The Labels class provides a find_or_create method which first looks for a label by its text in an Adwords account and if it is not found creates one. For Label creation the operation in the code above is label_service.mutate which uses the Google Adwords API Ruby gem to interact with the LabelService. Adwords API operates primarily as a SOAP service, however dealing with SOAP requests / response is clunky so we use the Ruby gem which provides a nice abstraction over raw SOAP calls for us.
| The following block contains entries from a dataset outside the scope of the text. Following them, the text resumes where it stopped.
definition blockset :: "('n \<Rightarrow> nat) \<Rightarrow> real^'n \<Rightarrow> real^'n \<Rightarrow> nat \<Rightarrow> real^'n \<Rightarrow> (real^'n) set" where
  "blockset blk lo hi i z =
     {u. (\<forall>j. blk j = i \<longrightarrow> lo $ j \<le> u $ j \<and> u $ j \<le> hi $ j) \<and> (\<forall>j. blk j \<noteq> i \<longrightarrow> u $ j = z $ j)}"

definition block_grad :: "('n \<Rightarrow> nat) \<Rightarrow> (real^'n \<Rightarrow> real) \<Rightarrow> nat \<Rightarrow> real^'n \<Rightarrow> real^'n" where
  "block_grad blk f i z = (\<chi> j. if blk j = i then grad f z $ j else 0)"

definition block_trial where
  "block_trial blk lo hi f i z c =
     closest_point (blockset blk lo hi i z) (z - (1 / c) *\<^sub>R block_grad blk f i z)"

definition bt_ok where
  "bt_ok alpha blk lo hi f i z c =
     (let u = block_trial blk lo hi f i z c in
        f u + alpha i / 2 * (norm (u - z))\<^sup>2
          \<le> f z + inner (block_grad blk f i z) (u - z) + c / 2 * (norm (u - z))\<^sup>2)"

definition block_curv where
  "block_curv alpha c0 beta blk lo hi f i z =
     c0 i * beta ^ (LEAST j. bt_ok alpha blk lo hi f i z (c0 i * beta ^ j))"

definition block_update where
  "block_update alpha c0 beta blk lo hi f i z =
     block_trial blk lo hi f i z (block_curv alpha c0 beta blk lo hi f i z)"

definition sweep where
  "sweep P alpha c0 beta blk lo hi f z =
     foldl (\<lambda>x i. block_update alpha c0 beta blk lo hi f i x) z [0..<P]"

end

theory Submission
  imports Defs
begin

(* Write e = |wbar_k - w*_k| and ds = |s_(k+1) - s_k|.  The argument
   compares three points:  the current KKT point w*_k, the next one w*_(k+1), and the exact
   outcome w^inf_k of infinitely many primal sweeps.
   (1) Hypothesis (A) plus the fact that F depends on s only through the affine term T s
       give |w*_(k+1) - w*_k| <= lamA lamF ds.
   (2) Both w*_k and w*_(k+1) solve the perturbed generalized equation 0 \<in> H(w,d,s) + N(w)
       with reference multiplier mu*_k, for d = 0 and d = (mu*_(k+1) - mu*_k)/rho respectively;
       so does w^inf_k for d = d_k.  The Lipschitz stability of hypothesis (B) together with the
       Lipschitz continuity of H in (d,s) bounds |w^inf_k - w*_k| and |w^inf_k - w*_(k+1)|.
   (3) The finite-sweep rate of (C) and the multiplier update bound |wbar_(k+1) - w^inf_k|,
       and the triangle inequality yields the claimed recursion. *)

subsection \<open>Primal sweeps stay in the box\<close>

lemma blockset_closed: "closed (blockset blk lo hi i z)"
  unfolding blockset_def
  apply (intro closed_Collect_all closed_Collect_conj closed_Collect_imp closed_Collect_le
      closed_Collect_eq open_Collect_neg closed_Collect_const continuous_intros)
  subgoal for j by (cases "blk j = i") auto
  done
lemma no_period5_from_I0:
  assumes u: "-1 < u" "u < 0" shows "(step ^^ 5) u \<noteq> u"
proof
  assume fixed: "(step ^^ 5) u = u"
  define u1 u2 where "u1 = step u" and "u2 = step u1"
  have u1: "k < u1" "u1 < 1 / k" unfolding u1_def using step_from_I0[OF u] by auto
  have u2: "u2 < -1" unfolding u2_def using step_from_I1[OF u1] .
  have "u = - (1 + u2) / (k\<^sup>2 + u2)"
    using fixed funpow3_step_from_I2[OF u2] unfolding u1_def u2_def
    by (simp add: numeral_eq_Suc funpow_swap1)
  moreover have "k\<^sup>2 + u2 \<noteq> 0" using u2 k_square_less k_less_1 by linarith
  ultimately have cycle: "u * (k\<^sup>2 + u2) = - (1 + u2)" by (simp add: eq_divide_eq)
  have u1_eq: "u1 = (if 0 \<le> orient_PR u then chord_P u else chord_R u)"
    unfolding u1_def using step_neg u(2) by simp
  have u2_eq: "u2 = (if 0 \<le> orient_QR u1 then chord_Q u1 else chord_R u1)"
    unfolding u2_def using step_pos u1(1) k_pos by simp
  consider "0 \<le> orient_PR u" "0 \<le> orient_QR u1" | "0 \<le> orient_PR u" "orient_QR u1 < 0"
    | "orient_PR u < 0" "0 \<le> orient_QR u1" | "orient_PR u < 0" "orient_QR u1 < 0" by linarith
  then show False
  proof cases
    case 1
    with cycle u1_eq u2_eq show False by (intro no_five_cycle_PQ[OF u]) simp_all
  next
    case 2
    with cycle u1_eq u2_eq show False by (intro no_five_cycle_PR[OF u]) simp_all
  next
    case 3
    with cycle u1_eq u2_eq show False by (intro no_five_cycle_RQ[OF u]) simp_all
  next
    case 4
    then have "u2 = u" using u1_eq u2_eq chord_R_chord_R[of u] u k_pos by simp
    with u u2 show False by simp
  qed
qed
theorem lemma6:
  fixes n :: nat and T :: nat and t :: nat
    and E :: "nat \<Rightarrow> (nat \<times> nat) set" and a :: "nat \<Rightarrow> nat \<Rightarrow> nat \<Rightarrow> real"
    and \<gamma> :: real and U :: nat
    and \<Omega> :: "(real^'m) set"
    and f :: "nat \<Rightarrow> nat \<Rightarrow> real^'m \<Rightarrow> real^'m \<Rightarrow> real"
    and df :: "nat \<Rightarrow> nat \<Rightarrow> real^'m \<Rightarrow> real^'m \<Rightarrow> real^'m"
    and g :: "nat \<Rightarrow> nat \<Rightarrow> real^'m \<Rightarrow> real^'h"
    and Dg :: "nat \<Rightarrow> nat \<Rightarrow> real^'m \<Rightarrow> real^'h^'m"
    and \<kappa> \<kappa>1 \<kappa>2 \<kappa>3 :: real
    and \<phi> :: "real^'m \<Rightarrow> real" and d\<phi> :: "real^'m \<Rightarrow> real^'m" and \<mu> :: real
    and \<zeta> \<eta> :: "nat \<Rightarrow> real"
    and x :: "nat \<Rightarrow> nat \<Rightarrow> real^'m" and y :: "nat \<Rightarrow> nat \<Rightarrow> real^'h"
  assumes n2: "n \<ge> 2"
    \<comment> \<open>network: edges within V, weights, self-loops\<close>
    and E_sub: "\<And>t. E t \<subseteq> {1..n} \<times> {1..n}"
    and gamma_pos: "\<gamma> > 0"
    and a_edge: "\<And>t i j. (j, i) \<in> E t \<Longrightarrow> \<gamma> \<le> a t i j \<and> a t i j \<le> 1"
    and a_nonedge: "\<And>t i j. i \<in> {1..n} \<Longrightarrow> j \<in> {1..n} \<Longrightarrow> (j, i) \<notin> E t \<Longrightarrow> a t i j = 0"
    and self_loop: "\<And>t i. i \<in> {1..n} \<Longrightarrow> (i, i) \<in> E t"
    \<comment> \<open>Assumption 1\<close>
    and U_pos: "U > 0"
    and joint_sc: "\<And>t. strongly_connected_on {1..n} (\<Union>k\<in>{t*U..<(t+1)*U}. E k)"
    and row_stoch: "\<And>t i. i \<in> {1..n} \<Longrightarrow> (\<Sum>j=1..n. a t i j) = 1"
    and col_stoch: "\<And>t j. j \<in> {1..n} \<Longrightarrow> (\<Sum>i=1..n. a t i j) = 1"
    \<comment> \<open>Assumption 2\<close>
    and Omega_convex: "convex \<Omega>"
    and Omega_compact: "compact \<Omega>"
    and f_grad: "\<And>i t u v. i \<in> {1..n} \<Longrightarrow> u \<in> \<Omega> \<Longrightarrow> v \<in> \<Omega> \<Longrightarrow>
                   (f i t u has_derivative (\<lambda>w. df i t u v \<bullet> w)) (at v)"
    and f_convex: "\<And>i t u. i \<in> {1..n} \<Longrightarrow> u \<in> \<Omega> \<Longrightarrow> convex_on \<Omega> (f i t u)"
    and g_grad: "\<And>i t k v. i \<in> {1..n} \<Longrightarrow> v \<in> \<Omega> \<Longrightarrow>
                   ((\<lambda>z. g i t z $ k) has_derivative (\<lambda>w. column k (Dg i t v) \<bullet> w)) (at v)"
    and g_convex: "\<And>i t k. i \<in> {1..n} \<Longrightarrow> convex_on \<Omega> (\<lambda>z. g i t z $ k)"
    and X_nonempty: "\<And>t. {z \<in> \<Omega>. \<forall>k. (\<Sum>i=1..n. g i t z $ k) \<le> 0} \<noteq> {}"
    and kappa_bd: "\<And>z. z \<in> \<Omega> \<Longrightarrow> norm z \<le> \<kappa>"
    and kappa1_bd: "\<And>i t u v. i \<in> {1..n} \<Longrightarrow> u \<in> \<Omega> \<Longrightarrow> v \<in> \<Omega> \<Longrightarrow> norm (df i t u v) \<le> \<kappa>1"
    and kappa2_bd: "\<And>i t z. i \<in> {1..n} \<Longrightarrow> z \<in> \<Omega> \<Longrightarrow> norm (g i t z) \<le> \<kappa>2"
    and kappa3_bd: "\<And>i t k z. i \<in> {1..n} \<Longrightarrow> z \<in> \<Omega> \<Longrightarrow> norm (column k (Dg i t z)) \<le> \<kappa>3"
    \<comment> \<open>mirror map\<close>
    and phi_grad: "\<And>z. (\<phi> has_derivative (\<lambda>w. d\<phi> z \<bullet> w)) (at z)"
    and phi_sc: "strongly_convex \<mu> \<phi>"
    \<comment> \<open>step sizes\<close>
    and zeta_range: "\<And>t. 0 < \<zeta> t \<and> \<zeta> t \<le> 1"
    and eta_range: "\<And>t. 0 < \<eta> t \<and> \<eta> t \<le> 1"
    and zeta_mono: "\<And>s t. s \<le> t \<Longrightarrow> \<zeta> t \<le> \<zeta> s"
    and eta_mono: "\<And>s t. s \<le> t \<Longrightarrow> \<eta> t \<le> \<eta> s"
    and zeta_le_eta: "\<And>t. \<zeta> t \<le> \<eta> t"
    \<comment> \<open>algorithm\<close>
    and x_init: "\<And>i. i \<in> {1..n} \<Longrightarrow> x i 0 \<in> \<Omega>"
    and y_init: "\<And>i. i \<in> {1..n} \<Longrightarrow> y i 0 = 0"
    and x_update: "\<And>i s. i \<in> {1..n} \<Longrightarrow>
        (let z = (\<Sum>j\<in>nbrs n E s i. a s i j *\<^sub>R x j s);
             c = \<zeta> s *\<^sub>R df i s (x i s) (x i s) + \<eta> s *\<^sub>R (Dg i s (x i s) *v y i s);
             obj = (\<lambda>w. bregman \<phi> d\<phi> w z + c \<bullet> w)
         in x i (Suc s) \<in> \<Omega> \<and> (\<forall>w\<in>\<Omega>. obj (x i (Suc s)) \<le> obj w))"
    and y_update: "\<And>i s. i \<in> {1..n} \<Longrightarrow>
        y i (Suc s) = pos_part ((1 - \<eta> s) *\<^sub>R (\<Sum>j\<in>nbrs n E s i. a s i j *\<^sub>R y j s)
                               + \<eta> s *\<^sub>R g i s (x i s))"
    and t_range: "1 \<le> t" "t \<le> T"
  shows "- \<eta> t * (\<Sum>i=1..n. g i t (x i t) \<bullet> y i t)
     \<le> 1/2 * (\<Sum>i=1..n. (norm (y i t))^2 - (norm (y i (t+1)))^2)
       + (\<eta> t)^2 * (real n * \<kappa>2^2 + (real n)^2 * \<kappa>2^2)
       + 9/2 * (\<Sum>i=1..n. (norm (y i t - (1 / real n) *\<^sub>R (\<Sum>j=1..n. y j t)))^2)
       + 2 * \<eta> t * (\<kappa>2 + sqrt (real n) * \<kappa>2)
           * (\<Sum>i=1..n. norm (y i t - (1 / real n) *\<^sub>R (\<Sum>j=1..n. y j t)))"
proof -
  define c where "c = (1 / real n) *\<^sub>R (\<Sum>j=1..n. y j t)"
  obtain s where s: "t = Suc s"
    using t_range by (cases t) auto
  have a_nonneg: "0 \<le> a t i j" if "i \<in> {1..n}" "j \<in> {1..n}" for i j
    using a_edge[of j i t] a_nonedge[of i j t] gamma_pos that by (cases "(j, i) \<in> E t") auto
  have ds: "doubly_stochastic_on {1..n} (a t)"
    using a_nonneg row_stoch col_stoch by (simp add: doubly_stochastic_on_def)
  have nbrs_sum: "(\<Sum>j\<in>nbrs n E t i. a t i j *\<^sub>R v j) = (\<Sum>j=1..n. a t i j *\<^sub>R v j)"
    if "i \<in> {1..n}" for i and v :: "nat \<Rightarrow> real^'h"
    using a_nonedge that by (intro sum.mono_neutral_left) (auto simp: nbrs_def)
  have g_bound: "norm (g i t (x i t)) \<le> \<kappa>2" if "i \<in> {1..n}" for i
    using x_update[of i s] kappa2_bd[of i "x i t" t] that by (simp add: s Let_def)
  have "0 \<le> \<kappa>2"
    using g_bound[of 1] n2 by (auto intro: order_trans[OF norm_ge_zero])
  have y_next: "y i (t+1) = pos_part ((1 - \<eta> t) *\<^sub>R (\<Sum>j=1..n. a t i j *\<^sub>R y j t) + \<eta> t *\<^sub>R g i t (x i t))"
    if "i \<in> {1..n}" for i
    using y_update[of i t] nbrs_sum[OF that] that by simp
  have eta: "0 \<le> \<eta> t" "\<eta> t \<le> 1"
    using eta_range[of t] by auto
  have sharp: "- \<eta> t * (\<Sum>i=1..n. g i t (x i t) \<bullet> y i t)
      \<le> 1/2 * (\<Sum>i=1..n. (norm (y i t))\<^sup>2 - (norm (y i (t+1)))\<^sup>2) + (\<eta> t)\<^sup>2 * real n * \<kappa>2\<^sup>2
        + 2 * \<eta> t * \<kappa>2 * (\<Sum>i=1..n. norm (y i t - c))"
    using consensus_dual_step_bound[OF ds finite_atLeastAtMost eta g_bound y_next, of c] by simp
  have slack: "0 \<le> (\<eta> t)\<^sup>2 * (real n)\<^sup>2 * \<kappa>2\<^sup>2 + 9/2 * (\<Sum>i=1..n. (norm (y i t - c))\<^sup>2)
      + 2 * \<eta> t * sqrt (real n) * \<kappa>2 * (\<Sum>i=1..n. norm (y i t - c))"
    using eta \<open>0 \<le> \<kappa>2\<close> by (intro add_nonneg_nonneg mult_nonneg_nonneg sum_nonneg) auto
  show ?thesis
    unfolding c_def[symmetric] using sharp slack by (simp add: algebra_simps)
qed

end
(* Let $(\mathbb X,S)$ be a minimal subshift over a finite alphabet satisfying the Boshernitzan condition, with unique invariant measure $\mu$. Then every eigenvalue $e^{2\pi i\alpha}$ with $\alpha\in\mathbb Q$ of the Koopman operator $f\mapsto f\circ S$ on $L^2(\mathbb X,\mu)$ is a topological eigenvalue of $(\mathbb X,S)$, i.e. admits a continuous eigenfunction.
   Context: Boshernitzan condition: there is a shift-invariant probability measure $\nu$ with $\limsup_n n\min\{\nu[u]:u\in\mathcal L_n(\mathbb X)\}>0$, with $\mathcal L_n$ the length-$n$ words occurring in $\mathbb X$ and $[u]$ the cylinder set of $u$ at position 0. A topological eigenvalue is $z$ with $f\circ S=zf$ for some continuous $f\not\equiv 0$. *)

theory Defs
  imports "HOL-Probability.Probability" "HOL-Library.Liminf_Limsup"
begin

definition shift_top :: "(int \<Rightarrow> 'a) topology" where
  "shift_top = product_topology (\<lambda>_. discrete_topology UNIV) UNIV"

definition shift :: "(int \<Rightarrow> 'a) \<Rightarrow> (int \<Rightarrow> 'a)" where
  "shift x = (\<lambda>n. x (n + 1))"

definition subshift :: "(int \<Rightarrow> 'a::finite) set \<Rightarrow> bool" where
  "subshift X \<longleftrightarrow> X \<noteq> {} \<and> closedin shift_top X \<and> shift ` X = X"
section \<open>The length bound\<close>

lemma length_bound_of_square_bound:
  fixes x a A L c :: real
  assumes bound: "c * a \<le> (x + 1) * L\<^sup>2 * A" and c: "4 * (x + 1) ^ 4 \<le> (x + 2)\<^sup>2 * c"
    and "0 < a" "a \<le> A" "0 \<le> L" "0 \<le> x"
  shows "2 * sqrt (x + 1) * ((x + 1) / (x + 2)) * (a / A) powr (3/2) \<le> L"
proof (rule power2_le_imp_le[OF _ \<open>0 \<le> L\<close>])
  define r where "r = a / A"
  have r: "0 < r" "r \<le> 1"
    using assms by (auto simp: r_def)
  have "(r powr (3/2))\<^sup>2 = r ^ 3"
    using r by (simp add: power2_eq_square powr_add[symmetric] powr_realpow)
  then have "(2 * sqrt (x + 1) * ((x + 1) / (x + 2)) * r powr (3/2))\<^sup>2
      = 4 * (x + 1) ^ 3 / (x + 2)\<^sup>2 * r ^ 3"
    using \<open>0 \<le> x\<close> by (simp add: power_mult_distrib power_divide)
      (simp add: field_simps power2_eq_square power3_eq_cube)
  also have "\<dots> \<le> 4 * (x + 1) ^ 3 / (x + 2)\<^sup>2 * r"
    using r \<open>0 \<le> x\<close>
    by (intro mult_left_mono) (auto simp: power_le_one_iff power3_eq_cube mult_le_one)
  also have "\<dots> \<le> c / (x + 1) * r"
  proof (rule mult_right_mono)
    have "4 * (x + 1) ^ 3 * (x + 1) \<le> c * (x + 2)\<^sup>2"
      using c by (simp add: power4_eq_xxxx power3_eq_cube mult.commute)
    then show "4 * (x + 1) ^ 3 / (x + 2)\<^sup>2 \<le> c / (x + 1)"
      using \<open>0 \<le> x\<close> by (simp add: divide_simps)
  qed (use r in simp)
  also have "\<dots> = (c * a) / ((x + 1) * A)"
    by (simp add: r_def)
  also have "\<dots> \<le> L\<^sup>2"
  proof (subst pos_divide_le_eq)
    show "0 < (x + 1) * A"
      using assms by simp
  qed (use bound in \<open>simp add: algebra_simps\<close>)
  finally show "(2 * sqrt (x + 1) * ((x + 1) / (x + 2)) * (a / A) powr (3/2))\<^sup>2 \<le> L\<^sup>2"
    by (simp add: r_def)
qed

lemma midpoint_constant_sufficient:
  fixes x :: real
  assumes "x \<in> {1, 2, 3}"
  shows "4 * (x + 1) ^ 4 \<le> (x + 2)\<^sup>2 * (16 * x)"
  using assms by auto

lemma samples_constant_sufficient:
  fixes x :: real
  assumes "4 \<le> x"
  shows "4 * (x + 1) ^ 4 \<le> (x + 2)\<^sup>2 * (8 * (x - 1)\<^sup>2)"
proof -
  have "4 * 4 \<le> x * x"
    by (rule mult_mono) (use assms in auto)
  then have "16 \<le> x\<^sup>2"
    by (simp add: power2_eq_square)
  then have "16 * x\<^sup>2 \<le> x\<^sup>2 * x\<^sup>2"
    by (intro mult_right_mono) auto
  moreover have "0 \<le> x * (x - 3)"
    using assms by simp
  ultimately show ?thesis
    by (simp add: algebra_simps power2_eq_square power4_eq_xxxx)
qed

theorem mainTheorem6:
  fixes \<gamma> :: "real \<Rightarrow> 'a::euclidean_space" and L :: real and w :: "'a \<Rightarrow> real"
    and a A :: real and d :: nat
  assumes "d \<ge> 1" and "DIM('a) = d + 1"
    and "0 < a" and "a \<le> A"
    and "MZ_curve_1 \<gamma> L w a A"
  shows "L \<ge> 2 * sqrt (real d + 1) * ((real d + 1) / (real d + 2)) * (a / A) powr (3/2)"
proof -
  note MZ = assms(5)
  have "0 \<le> L"
    using MZ unfolding MZ_curve_1_def sphere_curve_def by blast
  consider "d \<le> 3" | "4 \<le> d"
    by linarith
  then show ?thesis
  proof cases
    case 1
    have "16 * real d * a \<le> (real d + 1) * L\<^sup>2 * A"
      using MZ_curve_1_length_midpoint[OF MZ \<open>0 < a\<close>] assms(2) by (simp add: add.commute)
    moreover have "4 * (real d + 1) ^ 4 \<le> (real d + 2)\<^sup>2 * (16 * real d)"
      using 1 \<open>d \<ge> 1\<close> by (intro midpoint_constant_sufficient)
        (auto simp: le_Suc_eq numeral_3_eq_3 numeral_2_eq_2)
    ultimately show ?thesis
      using assms \<open>0 \<le> L\<close> by (intro length_bound_of_square_bound) auto
  next
    case 2
    have "8 * (real d - 1)\<^sup>2 * a \<le> (real d + 1) * L\<^sup>2 * A"
      using MZ_curve_1_length_samples[OF MZ \<open>0 < a\<close>, of "d - 1"] assms(2) 2
      by (simp add: of_nat_diff add.commute)
    moreover have "4 * (real d + 1) ^ 4 \<le> (real d + 2)\<^sup>2 * (8 * (real d - 1)\<^sup>2)"
      using 2 by (intro samples_constant_sufficient) simp
    ultimately show ?thesis
      using assms \<open>0 \<le> L\<close> by (intro length_bound_of_square_bound) auto
  qed
qed

end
Now that we have created a Label, let us associate it with a Keyword -

  class AdGroupCriterionService

    def initialize(keyword)
      @keyword = keyword
    end

    def update_with_label(label_id)
      ignore_label_exists_exception do
	service.mutate_label([add_label_operation(label_id)])
      end
    end

    private

    attr_reader :label_id, :keyword

    def service
      AdwordsServiceBuilder.service(keyword.adwords_id, :AdGroupCriterionService)
    end

    def add_label_operation(label_id)
      {
	xsi_type: "AdGroupCriterionLabelOperation",
	operator: 'ADD',
	operand: {
	  ad_group_id:  keyword.adgroupid,
	  criterion_id: keyword.id,
	  label_id:     label_id
	}
      }
    end

    def ignore_label_exists_exception(&block)
      begin
	block.call
      rescue AdwordsApi::Errors::ApiException, AdsCommon::Errors::ApiException => e
	if e.message.match(/AD_GROUP_CRITERION_LABEL_ALREADY_EXISTS/)
	  Rails.logger.warn("Trying to add a label which is already there")
	else
	  raise e
	end
      end
    end
  end

To associate a Label with a Keyword, we use the AdGroupCriterionService with the mutate_label operation. We also have a Keyword model which we create to manage the keywords downloaded from Adwords.

The sample (Rails) Keyword model can look like this -

class Keyword < ActiveRecord::Base
  belongs_to :account

  delegate :adwords_id, to: :account

  def update_label_in_adwords(label_text)
    label_id = Adwords::Labels.new(self.adwords_id)
	                      .find_or_create_label(label_text)
    Adwords::AdGroupCriterionService.new(self).update_with_label(label_id)
  end
end

So the controller's job is as simple as doing -

keyword = Keyword.find(params['keyword_id'].to_i)
keyword.update_label_in_adwords(params['label_text'])

That is it, using the excellent Adwords API gem we have been able to create Labels and associate them with Keywords elegantly. The main gotchas are to build the services correctly, call the correct operations and pass them with the appropriate parameters. Hope the code above will help some developers out there, the same principles can be used to interact with Adwords API with other programming languages such as Python / Java.